Source data
┏━━
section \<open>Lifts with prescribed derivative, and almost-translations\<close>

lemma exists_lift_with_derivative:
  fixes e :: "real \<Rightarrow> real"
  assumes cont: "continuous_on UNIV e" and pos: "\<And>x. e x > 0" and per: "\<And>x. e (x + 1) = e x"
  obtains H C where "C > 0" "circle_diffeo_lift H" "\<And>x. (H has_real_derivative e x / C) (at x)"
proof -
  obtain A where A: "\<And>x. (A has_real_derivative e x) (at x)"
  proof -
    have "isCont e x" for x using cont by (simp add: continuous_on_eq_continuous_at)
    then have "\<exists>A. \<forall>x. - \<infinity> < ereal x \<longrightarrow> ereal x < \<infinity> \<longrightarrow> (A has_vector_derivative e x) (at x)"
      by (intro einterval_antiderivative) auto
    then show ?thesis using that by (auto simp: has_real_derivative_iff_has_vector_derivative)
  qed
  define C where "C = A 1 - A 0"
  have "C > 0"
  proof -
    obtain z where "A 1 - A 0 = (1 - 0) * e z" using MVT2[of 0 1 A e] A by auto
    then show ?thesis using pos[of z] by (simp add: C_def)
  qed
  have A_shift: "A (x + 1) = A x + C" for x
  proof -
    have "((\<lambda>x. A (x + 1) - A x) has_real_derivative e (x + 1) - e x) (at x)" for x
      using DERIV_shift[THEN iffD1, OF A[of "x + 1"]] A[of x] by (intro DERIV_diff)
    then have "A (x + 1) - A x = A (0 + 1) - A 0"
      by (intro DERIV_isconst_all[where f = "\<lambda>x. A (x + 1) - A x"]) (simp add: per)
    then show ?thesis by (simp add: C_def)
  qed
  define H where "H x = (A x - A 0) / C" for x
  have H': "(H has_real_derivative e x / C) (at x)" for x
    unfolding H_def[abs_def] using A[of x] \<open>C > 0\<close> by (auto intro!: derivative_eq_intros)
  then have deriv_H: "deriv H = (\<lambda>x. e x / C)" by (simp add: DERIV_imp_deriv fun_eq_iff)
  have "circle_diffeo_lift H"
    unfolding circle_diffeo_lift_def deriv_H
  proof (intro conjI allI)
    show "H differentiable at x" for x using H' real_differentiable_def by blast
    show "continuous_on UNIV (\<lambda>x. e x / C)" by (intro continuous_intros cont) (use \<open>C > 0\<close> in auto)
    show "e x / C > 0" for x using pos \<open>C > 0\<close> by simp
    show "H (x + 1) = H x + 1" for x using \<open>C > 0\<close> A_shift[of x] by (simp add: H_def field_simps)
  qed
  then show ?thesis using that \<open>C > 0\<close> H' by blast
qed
┗━━
┏━━
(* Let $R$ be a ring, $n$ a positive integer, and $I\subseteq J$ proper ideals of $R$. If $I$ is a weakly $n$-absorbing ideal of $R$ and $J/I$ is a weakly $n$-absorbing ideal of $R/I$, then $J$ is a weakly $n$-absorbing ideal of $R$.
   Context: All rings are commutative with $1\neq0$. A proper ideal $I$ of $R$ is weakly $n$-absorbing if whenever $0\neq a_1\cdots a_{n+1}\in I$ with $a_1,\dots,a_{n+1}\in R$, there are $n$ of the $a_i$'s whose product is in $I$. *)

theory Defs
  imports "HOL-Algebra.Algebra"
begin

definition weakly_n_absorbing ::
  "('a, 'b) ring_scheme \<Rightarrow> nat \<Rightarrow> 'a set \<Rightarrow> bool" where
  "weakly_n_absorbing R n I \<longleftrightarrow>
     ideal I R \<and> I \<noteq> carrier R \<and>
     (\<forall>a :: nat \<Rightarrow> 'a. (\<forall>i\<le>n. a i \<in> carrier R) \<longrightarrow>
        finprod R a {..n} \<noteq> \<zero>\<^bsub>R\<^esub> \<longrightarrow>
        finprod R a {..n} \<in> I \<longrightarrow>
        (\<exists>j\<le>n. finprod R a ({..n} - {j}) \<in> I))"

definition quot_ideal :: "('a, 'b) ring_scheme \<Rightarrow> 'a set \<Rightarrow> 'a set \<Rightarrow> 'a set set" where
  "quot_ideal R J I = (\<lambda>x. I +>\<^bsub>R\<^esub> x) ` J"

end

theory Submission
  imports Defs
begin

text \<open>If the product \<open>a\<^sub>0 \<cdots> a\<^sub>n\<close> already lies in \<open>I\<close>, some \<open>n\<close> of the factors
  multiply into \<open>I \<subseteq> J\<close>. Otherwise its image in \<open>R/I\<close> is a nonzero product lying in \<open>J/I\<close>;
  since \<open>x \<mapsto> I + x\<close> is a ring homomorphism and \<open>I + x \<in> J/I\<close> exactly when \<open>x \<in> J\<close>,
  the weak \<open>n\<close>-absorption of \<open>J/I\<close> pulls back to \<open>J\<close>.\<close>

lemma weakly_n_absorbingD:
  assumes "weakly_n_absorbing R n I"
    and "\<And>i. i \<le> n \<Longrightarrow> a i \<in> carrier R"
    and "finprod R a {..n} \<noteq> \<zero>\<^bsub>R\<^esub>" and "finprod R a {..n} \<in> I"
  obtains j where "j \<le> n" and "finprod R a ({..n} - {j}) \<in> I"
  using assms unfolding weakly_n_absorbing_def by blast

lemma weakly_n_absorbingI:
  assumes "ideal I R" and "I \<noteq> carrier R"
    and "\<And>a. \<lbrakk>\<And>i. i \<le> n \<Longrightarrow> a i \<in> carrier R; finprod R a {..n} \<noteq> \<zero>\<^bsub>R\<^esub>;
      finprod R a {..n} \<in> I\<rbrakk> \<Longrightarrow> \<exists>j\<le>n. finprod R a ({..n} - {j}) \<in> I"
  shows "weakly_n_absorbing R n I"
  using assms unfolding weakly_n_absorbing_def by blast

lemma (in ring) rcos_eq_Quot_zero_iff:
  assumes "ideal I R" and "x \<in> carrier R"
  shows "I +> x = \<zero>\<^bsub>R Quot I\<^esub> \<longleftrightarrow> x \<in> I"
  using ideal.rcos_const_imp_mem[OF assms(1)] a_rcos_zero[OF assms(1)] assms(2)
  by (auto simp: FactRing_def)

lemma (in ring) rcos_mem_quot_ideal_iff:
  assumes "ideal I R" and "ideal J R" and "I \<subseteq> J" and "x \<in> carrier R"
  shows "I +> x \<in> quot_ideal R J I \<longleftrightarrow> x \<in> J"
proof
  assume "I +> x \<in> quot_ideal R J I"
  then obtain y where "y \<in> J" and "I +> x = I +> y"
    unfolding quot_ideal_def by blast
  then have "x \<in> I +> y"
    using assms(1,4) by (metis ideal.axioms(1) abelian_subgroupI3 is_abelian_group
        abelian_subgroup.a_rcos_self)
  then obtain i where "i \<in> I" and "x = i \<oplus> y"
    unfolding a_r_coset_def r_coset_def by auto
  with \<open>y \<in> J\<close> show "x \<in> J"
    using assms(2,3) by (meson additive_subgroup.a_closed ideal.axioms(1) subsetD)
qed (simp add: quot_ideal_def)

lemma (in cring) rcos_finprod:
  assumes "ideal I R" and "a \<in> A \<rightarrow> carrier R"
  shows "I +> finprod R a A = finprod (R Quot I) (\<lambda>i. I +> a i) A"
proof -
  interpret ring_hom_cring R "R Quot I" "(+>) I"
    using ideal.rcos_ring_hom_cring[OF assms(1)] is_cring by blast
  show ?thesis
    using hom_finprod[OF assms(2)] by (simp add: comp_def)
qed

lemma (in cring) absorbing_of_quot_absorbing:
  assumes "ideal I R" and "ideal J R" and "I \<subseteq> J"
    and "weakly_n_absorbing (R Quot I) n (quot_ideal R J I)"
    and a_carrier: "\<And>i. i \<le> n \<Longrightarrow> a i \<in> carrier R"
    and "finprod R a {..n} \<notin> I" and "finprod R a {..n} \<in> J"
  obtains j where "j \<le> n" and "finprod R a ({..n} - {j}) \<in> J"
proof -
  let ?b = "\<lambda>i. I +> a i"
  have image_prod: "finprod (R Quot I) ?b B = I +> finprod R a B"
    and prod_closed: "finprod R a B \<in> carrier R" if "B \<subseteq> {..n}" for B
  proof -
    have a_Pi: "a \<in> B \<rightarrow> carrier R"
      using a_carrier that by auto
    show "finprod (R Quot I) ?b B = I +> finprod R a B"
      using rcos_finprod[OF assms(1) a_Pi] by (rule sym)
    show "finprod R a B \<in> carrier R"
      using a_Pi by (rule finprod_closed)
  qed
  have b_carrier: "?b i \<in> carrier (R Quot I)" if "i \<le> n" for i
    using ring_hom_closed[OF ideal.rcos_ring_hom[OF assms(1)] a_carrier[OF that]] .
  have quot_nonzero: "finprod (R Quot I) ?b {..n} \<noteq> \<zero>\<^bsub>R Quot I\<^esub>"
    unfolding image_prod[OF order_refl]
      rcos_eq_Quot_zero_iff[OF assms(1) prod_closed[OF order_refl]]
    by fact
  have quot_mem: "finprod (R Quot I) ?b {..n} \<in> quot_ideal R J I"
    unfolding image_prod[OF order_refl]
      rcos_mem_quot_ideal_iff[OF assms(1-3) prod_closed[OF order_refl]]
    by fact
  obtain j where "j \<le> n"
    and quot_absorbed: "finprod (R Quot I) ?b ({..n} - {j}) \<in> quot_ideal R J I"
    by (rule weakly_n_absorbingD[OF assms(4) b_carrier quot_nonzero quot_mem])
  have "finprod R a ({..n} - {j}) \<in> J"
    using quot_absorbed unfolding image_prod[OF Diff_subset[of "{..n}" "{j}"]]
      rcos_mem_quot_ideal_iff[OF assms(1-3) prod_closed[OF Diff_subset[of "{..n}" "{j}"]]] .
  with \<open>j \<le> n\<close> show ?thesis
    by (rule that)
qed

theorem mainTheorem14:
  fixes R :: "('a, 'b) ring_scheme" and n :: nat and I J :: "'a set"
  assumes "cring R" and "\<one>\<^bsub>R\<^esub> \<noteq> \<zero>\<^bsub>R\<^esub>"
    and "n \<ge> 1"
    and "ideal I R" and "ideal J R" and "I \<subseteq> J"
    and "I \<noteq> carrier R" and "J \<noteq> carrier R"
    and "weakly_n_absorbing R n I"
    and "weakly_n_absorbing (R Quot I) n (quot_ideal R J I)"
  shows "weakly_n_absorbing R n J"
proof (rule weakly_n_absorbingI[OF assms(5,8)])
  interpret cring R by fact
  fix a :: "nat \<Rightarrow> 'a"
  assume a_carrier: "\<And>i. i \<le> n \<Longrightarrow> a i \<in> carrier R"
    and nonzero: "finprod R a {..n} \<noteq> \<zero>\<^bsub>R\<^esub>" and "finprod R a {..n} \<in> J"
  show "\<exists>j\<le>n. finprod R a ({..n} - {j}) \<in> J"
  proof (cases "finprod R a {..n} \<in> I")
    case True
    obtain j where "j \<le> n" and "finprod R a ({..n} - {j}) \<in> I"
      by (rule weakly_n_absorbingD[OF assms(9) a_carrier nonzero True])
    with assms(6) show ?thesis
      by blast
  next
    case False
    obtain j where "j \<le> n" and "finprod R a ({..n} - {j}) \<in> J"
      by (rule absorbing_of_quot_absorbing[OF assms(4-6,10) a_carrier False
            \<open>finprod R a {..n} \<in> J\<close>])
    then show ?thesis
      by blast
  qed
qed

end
┗━━
┏━━
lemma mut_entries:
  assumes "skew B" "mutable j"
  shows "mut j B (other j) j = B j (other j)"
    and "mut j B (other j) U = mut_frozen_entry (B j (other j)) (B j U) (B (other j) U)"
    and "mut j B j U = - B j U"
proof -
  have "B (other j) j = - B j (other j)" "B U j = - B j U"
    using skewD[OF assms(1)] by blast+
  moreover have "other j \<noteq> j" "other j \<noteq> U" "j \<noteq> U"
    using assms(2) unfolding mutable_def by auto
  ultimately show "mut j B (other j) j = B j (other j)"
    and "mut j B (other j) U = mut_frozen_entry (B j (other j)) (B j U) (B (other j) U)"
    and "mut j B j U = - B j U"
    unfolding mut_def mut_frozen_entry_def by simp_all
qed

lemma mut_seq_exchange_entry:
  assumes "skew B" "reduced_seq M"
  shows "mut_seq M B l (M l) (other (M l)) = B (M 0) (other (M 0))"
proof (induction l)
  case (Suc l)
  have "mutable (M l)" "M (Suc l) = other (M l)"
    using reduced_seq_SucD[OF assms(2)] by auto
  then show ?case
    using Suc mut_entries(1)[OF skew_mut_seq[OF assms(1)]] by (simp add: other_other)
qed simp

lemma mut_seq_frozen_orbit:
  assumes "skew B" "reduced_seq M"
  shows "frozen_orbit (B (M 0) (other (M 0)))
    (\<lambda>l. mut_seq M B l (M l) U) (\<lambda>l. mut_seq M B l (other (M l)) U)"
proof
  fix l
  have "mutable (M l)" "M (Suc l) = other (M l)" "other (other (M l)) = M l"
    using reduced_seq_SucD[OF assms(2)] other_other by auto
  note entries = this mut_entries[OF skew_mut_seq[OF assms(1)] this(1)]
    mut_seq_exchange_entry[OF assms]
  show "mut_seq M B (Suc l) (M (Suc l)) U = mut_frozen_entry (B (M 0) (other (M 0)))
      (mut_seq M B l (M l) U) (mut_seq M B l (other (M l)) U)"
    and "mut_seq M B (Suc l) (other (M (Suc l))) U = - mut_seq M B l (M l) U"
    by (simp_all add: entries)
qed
┗━━
# Problem description:
Go through the records line by line and count those containing the string "fixes". Give only the total.

# Solution to the exercise:
2